### WORK REQUIRED
What is needed here is an exact reprint of every record below.

### MATERIAL SHOWN
+--
lemma restart_props:
  assumes "state_inv 1 s"
  shows "state_inv 0 (restart s) \<and> objects (state_cfg (restart s)) = objects (state_cfg s) \<and>
    (\<forall>y\<in>objects (state_cfg s). colour (state_cfg (restart s)) y = colour (state_cfg s) y)"
proof (cases "steps s = size0 s div 16 + 1")
  case False
  then have "restart s = s" unfolding restart_def by simp
  then show ?thesis using assms False unfolding state_inv_def by auto
next
  case True
  define S where "S = objects (state_cfg s)"
  have e: "restart s = State (Join (Leaf (big s)) (join_blocks (blocks s))) (CGroup S S (init_col S) (next_slot s))
      {} [] (card S) 0 (Suc (next_slot s)) (Suc (size0 s))"
    using True unfolding restart_def S_def Let_def by simp
  note C = restart_cfg[OF assms True, folded S_def] and B = restart_bounds[OF assms True, folded S_def]
  have "S \<subseteq> F" using assms unfolding state_inv_def S_def by simp
  then have "state_inv 0 (restart s)"
    using C B unfolding state_inv_def e by (simp add: top_overlay_def)
  then show ?thesis using C unfolding S_def by simp
qed

end

lemma migration_progress:
  fixes u u' n e :: nat
  assumes "u' \<le> u - 16" "u + 16 * e \<le> n \<or> u = 0"
  shows "u' + 16 * Suc e \<le> n \<or> u' = 0"
  using assms by (cases "16 \<le> u") auto

context cf_setting begin

lemma valid_state_cfg:
  "valid_cfg (state_cfg s) \<longleftrightarrow> valid_cfg (top_overlay s) \<and> valid_cfg (join_blocks (blocks s)) \<and>
     objects (top_overlay s) \<inter> objects (join_blocks (blocks s)) = {} \<and>
     slots (top_overlay s) \<inter> slots (join_blocks (blocks s)) = {}"
  unfolding state_cfg_def by simp

lemma bases_le_state_cfg: "state_inv 0 s \<Longrightarrow> bases_le (2 * (size0 s + 1)) (state_cfg s)"
proof -
  assume I: "state_inv 0 s"
  then have "bases_le (steps s) (join_blocks (blocks s))"
    using blocks_bounds(3) unfolding state_inv_def by blast
  moreover have "steps s \<le> size0 s div 16" using I unfolding state_inv_def by simp
  then have "steps s \<le> size0 s" using div_le_dividend le_trans by blast
  then have "steps s \<le> 2 * (size0 s + 1)" by simp
  moreover have "bases_le (2 * (size0 s + 1)) (old s)" using I bases_le_mono unfolding state_inv_def by blast
  ultimately show ?thesis using I bases_le_mono unfolding bases_le_def state_cfg_def top_overlay_def state_inv_def
    by auto
qed

lemma height_state_cfg: "state_inv 0 s \<Longrightarrow> height (state_cfg s) \<le> 3"
  using blocks_bounds(4) unfolding state_inv_def state_cfg_def top_overlay_def by fastforce

definition insert_pre :: "'o state \<Rightarrow> 'o \<Rightarrow> 'o state" where
  "insert_pre s x = State (old s) (big s) (migrate (cg_col (big s)) (cg_set (big s)) 16 (moved s))
     (map_blocks (migrate_cfg 2) (add_object x (next_slot s) (blocks s)))
     (size0 s) (Suc (steps s)) (next_slot s + 2) (old_bound s)"

definition insert_step :: "'o state \<Rightarrow> 'o \<Rightarrow> 'o state" where
  "insert_step s x = restart (insert_pre s x)"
+--
### RESULT FOR THIS TASK
lemma restart_props:
  assumes "state_inv 1 s"
  shows "state_inv 0 (restart s) \<and> objects (state_cfg (restart s)) = objects (state_cfg s) \<and>
    (\<forall>y\<in>objects (state_cfg s). colour (state_cfg (restart s)) y = colour (state_cfg s) y)"
proof (cases "steps s = size0 s div 16 + 1")
  case False
  then have "restart s = s" unfolding restart_def by simp
  then show ?thesis using assms False unfolding state_inv_def by auto
next
  case True
  define S where "S = objects (state_cfg s)"
  have e: "restart s = State (Join (Leaf (big s)) (join_blocks (blocks s))) (CGroup S S (init_col S) (next_slot s))
      {} [] (card S) 0 (Suc (next_slot s)) (Suc (size0 s))"
    using True unfolding restart_def S_def Let_def by simp
  note C = restart_cfg[OF assms True, folded S_def] and B = restart_bounds[OF assms True, folded S_def]
  have "S \<subseteq> F" using assms unfolding state_inv_def S_def by simp
  then have "state_inv 0 (restart s)"
    using C B unfolding state_inv_def e by (simp add: top_overlay_def)
  then show ?thesis using C unfolding S_def by simp
qed

end

lemma migration_progress:
  fixes u u' n e :: nat
  assumes "u' \<le> u - 16" "u + 16 * e \<le> n \<or> u = 0"
  shows "u' + 16 * Suc e \<le> n \<or> u' = 0"
  using assms by (cases "16 \<le> u") auto

context cf_setting begin

lemma valid_state_cfg:
  "valid_cfg (state_cfg s) \<longleftrightarrow> valid_cfg (top_overlay s) \<and> valid_cfg (join_blocks (blocks s)) \<and>
     objects (top_overlay s) \<inter> objects (join_blocks (blocks s)) = {} \<and>
     slots (top_overlay s) \<inter> slots (join_blocks (blocks s)) = {}"
  unfolding state_cfg_def by simp

lemma bases_le_state_cfg: "state_inv 0 s \<Longrightarrow> bases_le (2 * (size0 s + 1)) (state_cfg s)"
proof -
  assume I: "state_inv 0 s"
  then have "bases_le (steps s) (join_blocks (blocks s))"
    using blocks_bounds(3) unfolding state_inv_def by blast
  moreover have "steps s \<le> size0 s div 16" using I unfolding state_inv_def by simp
  then have "steps s \<le> size0 s" using div_le_dividend le_trans by blast
  then have "steps s \<le> 2 * (size0 s + 1)" by simp
  moreover have "bases_le (2 * (size0 s + 1)) (old s)" using I bases_le_mono unfolding state_inv_def by blast
  ultimately show ?thesis using I bases_le_mono unfolding bases_le_def state_cfg_def top_overlay_def state_inv_def
    by auto
qed

lemma height_state_cfg: "state_inv 0 s \<Longrightarrow> height (state_cfg s) \<le> 3"
  using blocks_bounds(4) unfolding state_inv_def state_cfg_def top_overlay_def by fastforce

definition insert_pre :: "'o state \<Rightarrow> 'o \<Rightarrow> 'o state" where
  "insert_pre s x = State (old s) (big s) (migrate (cg_col (big s)) (cg_set (big s)) 16 (moved s))
     (map_blocks (migrate_cfg 2) (add_object x (next_slot s) (blocks s)))
     (size0 s) (Suc (steps s)) (next_slot s + 2) (old_bound s)"

definition insert_step :: "'o state \<Rightarrow> 'o \<Rightarrow> 'o state" where
  "insert_step s x = restart (insert_pre s x)"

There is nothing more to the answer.